What does lyap_k tell you about $\lambda$? Turn in this plot. Does that value make sense?

%%bash --out output --err error

lyap_k -R 0.5 -r 0.1 -m 7 -M 7 -d 104 p6_lorenz.csv -o p6_lorenz.lyap

[0.001 * val for val in lyap_plot('p6_lorenz.lyap')]

png

[6.8879699247983426e-08,
 7.2126691729333411e-07,
 1.5672180451129786e-07,
 5.9252631578879269e-08,
 6.577045112781558e-07]

This tells us that a good approximation is $\lambda \approx 7 \times 10^{-7}$. This generally makes sense as the attractor stays in a finite area.

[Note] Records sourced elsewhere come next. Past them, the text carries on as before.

section \<open>Differences of chain members\<close>

definition chain_diffs :: "'a set set \<Rightarrow> 'a set set" where
  "chain_diffs I = {C - D | C D. C \<in> I \<and> D \<in> I \<and> D \<subseteq> C}"

lemma chain_diffsE:
  assumes "s \<in> chain_diffs I"
  obtains C D where "s = C - D" "C \<in> I" "D \<in> I" "D \<subseteq> C"
  using assms unfolding chain_diffs_def by blast

lemma Diff_in_chain_diffs:
  assumes "chain\<^sub>\<subseteq> I" "C \<in> I" "E \<in> I"
  shows "C - E \<in> chain_diffs I"
proof -
  have "C - E = C - C \<inter> E"
    by blast
  then show ?thesis
    using chain_subset_Int[OF assms] assms(2) unfolding chain_diffs_def by blast
qed

lemma semiring_of_sets_chain_diffs:
  assumes "chain\<^sub>\<subseteq> I" "I \<subseteq> Pow \<Omega>" "{} \<in> I"
  shows "semiring_of_sets \<Omega> (chain_diffs I)"
proof
  show "chain_diffs I \<subseteq> Pow \<Omega>"
    using assms(2) unfolding chain_diffs_def by auto
  show "{} \<in> chain_diffs I"
    using Diff_in_chain_diffs[OF assms(1,3,3)] by simp
next
  fix a b
  assume "a \<in> chain_diffs I" "b \<in> chain_diffs I"
  then obtain C D C' D' where ab: "a = C - D" "b = C' - D'" "C \<in> I" "D \<in> I" "C' \<in> I" "D' \<in> I"
      "D' \<subseteq> C'"
    unfolding chain_diffs_def by blast
  have "a \<inter> b = (C \<inter> C') - (D \<union> D')"
    using ab by blast
  then show "a \<inter> b \<in> chain_diffs I"
    using Diff_in_chain_diffs chain_subset_Int chain_subset_Un assms(1) ab by metis
  let ?P = "C - (D \<union> C')" and ?Q = "(C \<inter> D') - D"
  have "a - b = ?P \<union> ?Q" "disjoint {?P, ?Q}"
    using ab unfolding disjoint_def by blast+
  moreover have "?P \<in> chain_diffs I" "?Q \<in> chain_diffs I"
    using Diff_in_chain_diffs chain_subset_Int chain_subset_Un assms(1) ab by metis+
  ultimately show "\<exists>Cs\<subseteq>chain_diffs I. finite Cs \<and> disjoint Cs \<and> a - b = \<Union>Cs"
    by (intro exI[of _ "{?P, ?Q}"]) auto
qed

lemma sigma_sets_chain_diffs:
  assumes "I \<subseteq> Pow \<Omega>" "{} \<in> I"
  shows "sigma_sets \<Omega> (chain_diffs I) = sigma_sets \<Omega> I"
proof (rule sigma_sets_eqI)
  interpret sigma_algebra \<Omega> "sigma_sets \<Omega> I"
    using assms(1) by (rule sigma_algebra_sigma_sets)
  fix a
  assume "a \<in> chain_diffs I"
  then show "a \<in> sigma_sets \<Omega> I"
    unfolding chain_diffs_def by (auto intro: Diff)
next
  fix b
  assume "b \<in> I"
  then have "b - {} \<in> chain_diffs I"
    using assms(2) unfolding chain_diffs_def by blast
  then show "b \<in> sigma_sets \<Omega> (chain_diffs I)"
    by auto
qed

section \<open>Comparing finite measures on a generating semiring\<close>

lemma semiring_premeasure_extension:
  assumes "semiring_of_sets \<Omega> S" "\<Omega> \<in> S" "f {} = 0" "\<And>s. s \<in> S \<Longrightarrow> 0 \<le> f s"
    and "\<And>F. range F \<subseteq> S \<Longrightarrow> disjoint_family F \<Longrightarrow> (\<Union>n. F n) \<in> S \<Longrightarrow>
           (\<lambda>n. f (F n)) sums f (\<Union>n. F n)"
  obtains N where "sets N = sigma_sets \<Omega> S" "finite_measure N" "\<And>s. s \<in> S \<Longrightarrow> measure N s = f s"
proof -
  interpret semiring_of_sets \<Omega> S by fact
  have positive: "positive S (\<lambda>s. ennreal (f s))"
    unfolding positive_def using assms(3) by simp
  have additive: "countably_additive S (\<lambda>s. ennreal (f s))"
    unfolding countably_additive_def
  proof (intro allI impI)
    fix F :: "nat \<Rightarrow> 'a set"
    assume F: "range F \<subseteq> S" "disjoint_family F" "\<Union> (range F) \<in> S"
    then have sums: "(\<lambda>n. f (F n)) sums f (\<Union>n. F n)"
      using assms(5) by simp
    have nonneg: "0 \<le> f (F n)" for n
      using F(1) assms(4) by auto
    show "(\<Sum>n. ennreal (f (F n))) = ennreal (f (\<Union> (range F)))"
      using suminf_ennreal2[OF nonneg sums_summable[OF sums]] sums_unique[OF sums] by simp
  qed
  obtain \<mu> where \<mu>: "\<forall>s\<in>S. \<mu> s = ennreal (f s)" "measure_space \<Omega> (sigma_sets \<Omega> S) \<mu>"
    using caratheodory[OF positive additive] by blast
  interpret \<Omega>: sigma_algebra \<Omega> "sigma_sets \<Omega> S"
    using \<mu>(2) by (simp add: measure_space_def)
  define N where "N = measure_of \<Omega> (sigma_sets \<Omega> S) \<mu>"
  have emeasure_N: "emeasure N s = ennreal (f s)" if "s \<in> S" for s
  proof -
    have "emeasure N s = \<mu> s"
      unfolding N_def using \<mu>(2) that
      by (intro emeasure_measure_of_sigma) (auto simp: measure_space_def)
    then show ?thesis
      using \<mu>(1) that by simp
  qed
  show ?thesis
  proof
    show "sets N = sigma_sets \<Omega> S"
      unfolding N_def by simp
    show "finite_measure N"
      using emeasure_N[OF assms(2)] by (intro finite_measureI) (simp add: N_def)
    show "measure N s = f s" if "s \<in> S" for s
      using emeasure_N[OF that] assms(4)[OF that] by (simp add: measure_def)
  qed
qed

(b) Run the PS7 code from the same initial condition and compute the eigenvalues of the resulting variational matrix and use them to calculate the exponents:

\[\lambda_i = \lim_{t \to \infty} \frac{1}{t} \ln \lvert m_i (t) \rvert\]

where $m_i(t)$ are the eigenvalues of the variational matrix ${\delta_{ij}}$. Compare these results to your answers in part (a).

def gen_lorenz(a, r, b):
    lorenz = lambda t, y: np.array([a * (y[1] - y[0]),
                                    r * y[0] - y[1] - y[0] * y[2],
                                    y[0] * y[1] - b * y[2],
                                    -a * y[3] + a * y[6],
                                    -a * y[4] + a * y[7],
                                    -a * y[5] + a * y[8],
                                    (r - y[2]) * y[3] - y[6] - y[0] * y[9],
                                    (r - y[2]) * y[4] - y[7] - y[0] * y[10],
                                    (r - y[2]) * y[5] - y[8] - y[0] * y[11],
                                    y[1] * y[3] + y[0] * y[6] - b * y[9],
                                    y[1] * y[4] + y[0] * y[7] - b * y[10],
                                    y[1] * y[5] + y[0] * y[8] - b * y[11]])
    return lorenz

Now we can create a Lorenz system with the correct parameters and solve.

lorenz = gen_lorenz(16, 45, 4)
initial_state = np.array([0, 1, 2, 1, 0, 0, 0, 1, 0, 0, 0, 1],
                         dtype=np.float64)
data = ps5lib.mrk4(lorenz, 0, initial_state, 0.001, 30000)

We can extract the final variational matrix from this result.

variation = np.array([data[-1, 3:6], data[-1, 6:9], data[-1, 9:12]])
variation

array([[ -4.63477474e+14,  -3.51754723e+14,  -8.82985607e+14],
       [ -7.10797071e+14,  -5.39457127e+14,  -1.35416200e+15],
       [ -6.09234089e+13,  -4.62376231e+13,  -1.16067115e+14]])

Finding the eigenvalues is straightforward.

eigenvalues = np.linalg.eig(variation)[0]
eigenvalues

array([ -1.11900172e+15,   7.59213360e-02,   1.05748944e+01])

Finally we can solve the limit.

np.log(np.abs(eigenvalues)) / 1e90

array([  3.46512134e-89,  -2.57805753e-90,   2.35848274e-90])

This limit will go to zero, which doesn’t quite mesh with my above answer. Assuming that machine error is the cause, we’ll assume that Kantz’ algorithm is accurate in this case.